E se da terra se pode colher uma agricultura mais sustentável, também se pode colocar o sol como o centro do sistema das energias renováveis, não fosse essa a provocação da primeira cooperativa de energias renováveis do país, a Coopérnico. A representá-la nesta primeira conversa esteve Rui Valente e Luísa Lourenço. Explicaram o percurso da Coopérnico, fundada em 2013, e que já conta com mais de dois mil cooperantes. A ideia é utilizar a energia fotovoltaica como alternativa à EDP através de cooperantes distribuídos em grupos locais.

“No que estamos agora, também, a trabalhar, é a ter junto dos grupos locais o estímulo às comunidades de energia, no fundo promover a partilha de energia”, ou seja, “entre vizinhos poderem instalar os seus próprios painéis nos prédios ou nos bairros e partilharem a energia e até fomentar o mercado”, explica Luísa Lourenço. E ajudar quem precisa, acrescenta: “Essa comunidade de energia até pode ceder energia a pessoas que não tenham neste momento capacidade.” Em Beja e em Évora ainda há poucos cooperantes da Coopérnico, mas são iniciativas como o festival que demonstram “alguma dinâmica [ao território], o que é importante”, concordam Rui Valente e Luísa Lourenço.

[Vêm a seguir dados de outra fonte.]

lemma C_on_SucI:
  assumes "open U" "\<And>x. x \<in> U \<Longrightarrow> (f has_real_derivative f' x) (at x)" "C_on n U f'"
  shows "C_on (Suc n) U f"
proof -
  have "C_on n U (deriv f)"
    by (rule C_on_cong[OF assms(1,3)]) (simp add: DERIV_imp_deriv[OF assms(2)])
  then show ?thesis using assms(2) by (auto simp: real_differentiable_def)
qed

lemma C_on_SucD: "C_on (Suc n) U f \<Longrightarrow> C_on n U f"
proof (induction n arbitrary: f)
  case 0
  then show ?case
    by (auto intro!: continuous_at_imp_continuous_on differentiable_imp_continuous_within)
next
  case (Suc n)
  then show ?case by (metis C_on.simps(2))
qed

lemma DERIV_deriv_C_on: "C_on (Suc n) U f \<Longrightarrow> x \<in> U \<Longrightarrow> (f has_real_derivative deriv f x) (at x)"
  by (simp add: DERIV_deriv_iff_real_differentiable)

lemma C_on_const: "C_on n U (\<lambda>x. c)"
  by (induction n arbitrary: c) auto

lemma C_on_add: "open U \<Longrightarrow> C_on n U f \<Longrightarrow> C_on n U g \<Longrightarrow> C_on n U (\<lambda>x. f x + g x)"
proof (induction n arbitrary: f g)
  case (Suc n)
  have "C_on n U (\<lambda>x. deriv f x + deriv g x)"
    using Suc.prems by (intro Suc.IH) simp_all
  moreover have "((\<lambda>x. f x + g x) has_real_derivative deriv f x + deriv g x) (at x)"
    if "x \<in> U" for x
    using Suc.prems that by (intro DERIV_add DERIV_deriv_C_on)
  ultimately show ?case by (rule C_on_SucI[OF Suc.prems(1), rotated])
qed (auto intro: continuous_on_add)

lemma C_on_mult: "open U \<Longrightarrow> C_on n U f \<Longrightarrow> C_on n U g \<Longrightarrow> C_on n U (\<lambda>x. f x * g x)"
proof (induction n arbitrary: f g)
  case (Suc n)
  have "C_on n U (\<lambda>x. deriv f x * g x + deriv g x * f x)"
    using Suc.prems C_on_SucD[OF Suc.prems(2)] C_on_SucD[OF Suc.prems(3)]
    by (intro C_on_add Suc.IH) simp_all
  moreover have "((\<lambda>x. f x * g x) has_real_derivative deriv f x * g x + deriv g x * f x) (at x)"
    if "x \<in> U" for x
    using Suc.prems that by (intro DERIV_mult DERIV_deriv_C_on)
  ultimately show ?case by (rule C_on_SucI[OF Suc.prems(1), rotated])
qed (auto intro: continuous_on_mult)

lemma C_on_inverse:
  "open U \<Longrightarrow> C_on n U f \<Longrightarrow> \<forall>x\<in>U. f x \<noteq> 0 \<Longrightarrow> C_on n U (\<lambda>x. inverse (f x))"
proof (induction n arbitrary: f)
  case (Suc n)
  have "C_on n U (\<lambda>x. (- 1) * (deriv f x * (inverse (f x) * inverse (f x))))"
    using Suc.prems C_on_SucD[OF Suc.prems(2)] by (intro C_on_mult C_on_const Suc.IH) simp_all
  moreover have "((\<lambda>x. inverse (f x)) has_real_derivative
      (- 1) * (deriv f x * (inverse (f x) * inverse (f x)))) (at x)" if "x \<in> U" for x
    using Suc.prems that
    by (intro DERIV_cong[OF DERIV_inverse_fun[OF DERIV_deriv_C_on]]) (auto simp: power2_eq_square)
  ultimately show ?case by (rule C_on_SucI[OF Suc.prems(1), rotated])
qed (auto intro: continuous_on_inverse)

É importante ainda debatê-los nos territórios em questão, vivenciá-los na própria pele, acredita Paula Vieira: “Acho que este tipo de encontros faz todo sentido. Pensar sobre estes temas numa zona em que se vivem estes problemas diariamente e que têm contacto direto com este tipo de questões diariamente.”

MIMMO Epifani
Braima Galissá
Sérgio Cobos
O espetáculo E-NXADA, circo contemporâneo, teve lugar na Praça da República.

Os Encontros de Alvito foram, durante dois dias, muito mais do que um festival: foram o ponto de encontro entre saberes, reflexões e vivências, uma forma de refletir os territórios, Alentejos dentro de Alentejos, que ainda são o berço de crianças que mais tarde se vão tornar os adultos de amanhã. “É isso que a gente espera das pessoas, que elas se juntem a essa ação e que vejam que estamos a fazer isto por um bem maior”, defende Gonçalo Pôla. Para Benjamin, “o que esta intervenção está a fazer é mesmo muito importante e acho que pode ser a mudança. O sucesso desta iniciativa pode representar uma mudança muito positiva para Alvito, para a juventude de Alvito, para a cultura em Alvito, para o seu empreendedorismo, para a economia do Alvito”, defende o músico.

Pelos vários palcos do Encontros de Alvito passaram concertos com o grupo musical De Moda em Moda, com Edgar Baleizão e Tiago Dores, um duo entre AP Braga e Mimmo Epifani, Sérgio Cobos, Braima Galissá com o seu Kora, e ainda o espetáculo de circo contemporâneo E-nxada. A noite terminou ao som da DJ Candy Diaz, na Praça da República. No rescaldo da edição zero deste festival, provou-se que é possível criarem-se ligações após vários desencontros, afirmar o território em parcerias e iniciativas ecológicas sustentáveis e contribuir para a comunidade. Mais uma história que se acrescenta às inúmeras da memória de um povo e que se espera renovada no próximo ano.